### Task objective
The answer must be every entry, retyped without a single difference.

### Input data
--------------------------------

lemma norm_le_averaged_circle_integral:
  fixes h :: "complex \<Rightarrow> complex" and S :: "complex set"
  assumes h: "h holomorphic_on UNIV" and [measurable]: "S \<in> sets borel" and S: "S \<subseteq> cball 0 (1/2)"
  shows "ennreal (norm (h 0)) * emeasure lborel S
    \<le> 2 * (\<integral>\<^sup>+ t. indicator {0..1} t * (\<integral>\<^sup>+ w. ennreal (norm (h (exp (2 * of_real pi * \<i> * of_real t) - w))) * indicator S w \<partial>lborel) \<partial>lborel)"
proof -
  define e where "e t = exp (2 * of_real pi * \<i> * of_real t)" for t :: real
  have [measurable]: "h \<in> borel_measurable borel"
    using borel_measurable_continuous_onI holomorphic_on_imp_continuous_on[OF h] by blast
  have [measurable]: "e \<in> borel_measurable borel"
    unfolding e_def by (intro borel_measurable_continuous_onI continuous_intros)
  have "ennreal (norm (h 0)) * emeasure lborel S = (\<integral>\<^sup>+ w. ennreal (norm (h 0)) * indicator S w \<partial>lborel)"
    by (simp add: nn_integral_cmult_indicator)
  also have "\<dots> \<le> (\<integral>\<^sup>+ w. (2 * (\<integral>\<^sup>+ t. ennreal (norm (h (e t - w))) * indicator {0..1} t \<partial>lborel)) * indicator S w \<partial>lborel)"
    using norm_le_shifted_circle_nn_integral[OF h] S
    by (intro nn_integral_mono) (auto split: split_indicator simp: e_def)
  also have "\<dots> = (\<integral>\<^sup>+ w. 2 * (\<integral>\<^sup>+ t. ennreal (norm (h (e t - w))) * indicator {0..1} t * indicator S w \<partial>lborel) \<partial>lborel)"
    by (intro nn_integral_cong) (subst nn_integral_multc, auto simp: mult.assoc)
  also have "\<dots> = 2 * (\<integral>\<^sup>+ w. (\<integral>\<^sup>+ t. ennreal (norm (h (e t - w))) * indicator {0..1} t * indicator S w \<partial>lborel) \<partial>lborel)"
    by (rule nn_integral_cmult) measurable
  also have "\<dots> = 2 * (\<integral>\<^sup>+ t. (\<integral>\<^sup>+ w. ennreal (norm (h (e t - w))) * indicator {0..1} t * indicator S w \<partial>lborel) \<partial>lborel)"
    by (subst lborel_pair.Fubini') auto
  also have "\<dots> = 2 * (\<integral>\<^sup>+ t. indicator {0..1} t * (\<integral>\<^sup>+ w. ennreal (norm (h (e t - w))) * indicator S w \<partial>lborel) \<partial>lborel)"
    by (subst nn_integral_cmult[symmetric]) (auto simp: mult_ac)
  finally show ?thesis
    by (simp add: e_def)
qed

--------------------------------

### Solved exercise
lemma norm_le_averaged_circle_integral:
  fixes h :: "complex \<Rightarrow> complex" and S :: "complex set"
  assumes h: "h holomorphic_on UNIV" and [measurable]: "S \<in> sets borel" and S: "S \<subseteq> cball 0 (1/2)"
  shows "ennreal (norm (h 0)) * emeasure lborel S
    \<le> 2 * (\<integral>\<^sup>+ t. indicator {0..1} t * (\<integral>\<^sup>+ w. ennreal (norm (h (exp (2 * of_real pi * \<i> * of_real t) - w))) * indicator S w \<partial>lborel) \<partial>lborel)"
proof -
  define e where "e t = exp (2 * of_real pi * \<i> * of_real t)" for t :: real
  have [measurable]: "h \<in> borel_measurable borel"
    using borel_measurable_continuous_onI holomorphic_on_imp_continuous_on[OF h] by blast
  have [measurable]: "e \<in> borel_measurable borel"
    unfolding e_def by (intro borel_measurable_continuous_onI continuous_intros)
  have "ennreal (norm (h 0)) * emeasure lborel S = (\<integral>\<^sup>+ w. ennreal (norm (h 0)) * indicator S w \<partial>lborel)"
    by (simp add: nn_integral_cmult_indicator)
  also have "\<dots> \<le> (\<integral>\<^sup>+ w. (2 * (\<integral>\<^sup>+ t. ennreal (norm (h (e t - w))) * indicator {0..1} t \<partial>lborel)) * indicator S w \<partial>lborel)"
    using norm_le_shifted_circle_nn_integral[OF h] S
    by (intro nn_integral_mono) (auto split: split_indicator simp: e_def)
  also have "\<dots> = (\<integral>\<^sup>+ w. 2 * (\<integral>\<^sup>+ t. ennreal (norm (h (e t - w))) * indicator {0..1} t * indicator S w \<partial>lborel) \<partial>lborel)"
    by (intro nn_integral_cong) (subst nn_integral_multc, auto simp: mult.assoc)
  also have "\<dots> = 2 * (\<integral>\<^sup>+ w. (\<integral>\<^sup>+ t. ennreal (norm (h (e t - w))) * indicator {0..1} t * indicator S w \<partial>lborel) \<partial>lborel)"
    by (rule nn_integral_cmult) measurable
  also have "\<dots> = 2 * (\<integral>\<^sup>+ t. (\<integral>\<^sup>+ w. ennreal (norm (h (e t - w))) * indicator {0..1} t * indicator S w \<partial>lborel) \<partial>lborel)"
    by (subst lborel_pair.Fubini') auto
  also have "\<dots> = 2 * (\<integral>\<^sup>+ t. indicator {0..1} t * (\<integral>\<^sup>+ w. ennreal (norm (h (e t - w))) * indicator S w \<partial>lborel) \<partial>lborel)"
    by (subst nn_integral_cmult[symmetric]) (auto simp: mult_ac)
  finally show ?thesis
    by (simp add: e_def)
qed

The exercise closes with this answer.